━━━ WORKING DATA ━━━

text \<open>Either the orbit stays in I up to step q, or it leaves I
  for good before step p and the restricted orbit stops at its last point in I.\<close>

lemma restrict_to_funpow_backward:
  assumes maps_to: "\<And>y. y < n \<Longrightarrow> F y < n"
    and preimage: "\<And>y. y < n \<Longrightarrow> F y \<in> I \<Longrightarrow> y \<in> I"
    and pq: "\<And>y. y < n \<Longrightarrow> (F ^^ p) y = (F ^^ q) y" and "p \<le> q"
    and "I \<subseteq> {..<n}" and x: "x \<in> I"
  shows "(restrict_to F I ^^ p) x = (restrict_to F I ^^ q) x"
proof -
  let ?g = "restrict_to F I"
  have xn: "x < n" using assms by auto
  show ?thesis
  proof (cases "(F ^^ q) x \<in> I")
    case True
    then have "(F ^^ j) x \<in> I" if "j \<le> q" for j
      using orbit_stays_outside[of n F I x j q, OF maps_to preimage xn] that by blast
    then have "(?g ^^ k) x = (F ^^ k) x" if "k \<le> q" for k
      using that by (intro restrict_to_funpow_follows) auto
    then show ?thesis using pq[OF xn] \<open>p \<le> q\<close> by simp
  next
    case False
    then have "(F ^^ p) x \<notin> I" using pq[OF xn] by simp
    then obtain m where "m < p" and inside: "\<And>j. j \<le> m \<Longrightarrow> (F ^^ j) x \<in> I"
      and exit: "(F ^^ Suc m) x \<notin> I"
      using ex_least_nat_less[of "\<lambda>j. (F ^^ j) x \<notin> I" p] x by auto
    have start: "(?g ^^ m) x = (F ^^ m) x"
      using inside by (intro restrict_to_funpow_follows) auto
    have stop: "?g ((F ^^ m) x) = (F ^^ m) x"
      using exit by (simp add: restrict_to_def)
    have "(?g ^^ (m + d)) x = (F ^^ m) x" for d
      by (induction d) (use start stop in auto)
    then have "(?g ^^ k) x = (F ^^ m) x" if "m \<le> k" for k
      using that by (metis le_add_diff_inverse)
    then show ?thesis using \<open>m < p\<close> \<open>p \<le> q\<close> by simp
  qed
qed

━━━

▶ **EXERCISE PROMPT**
Where the string "start" occurs in a line of the material above, copy the whole line.

▶ **EXERCISE OUTPUT**
    have start: "(?g ^^ m) x = (F ^^ m) x"
      by (induction d) (use start stop in auto)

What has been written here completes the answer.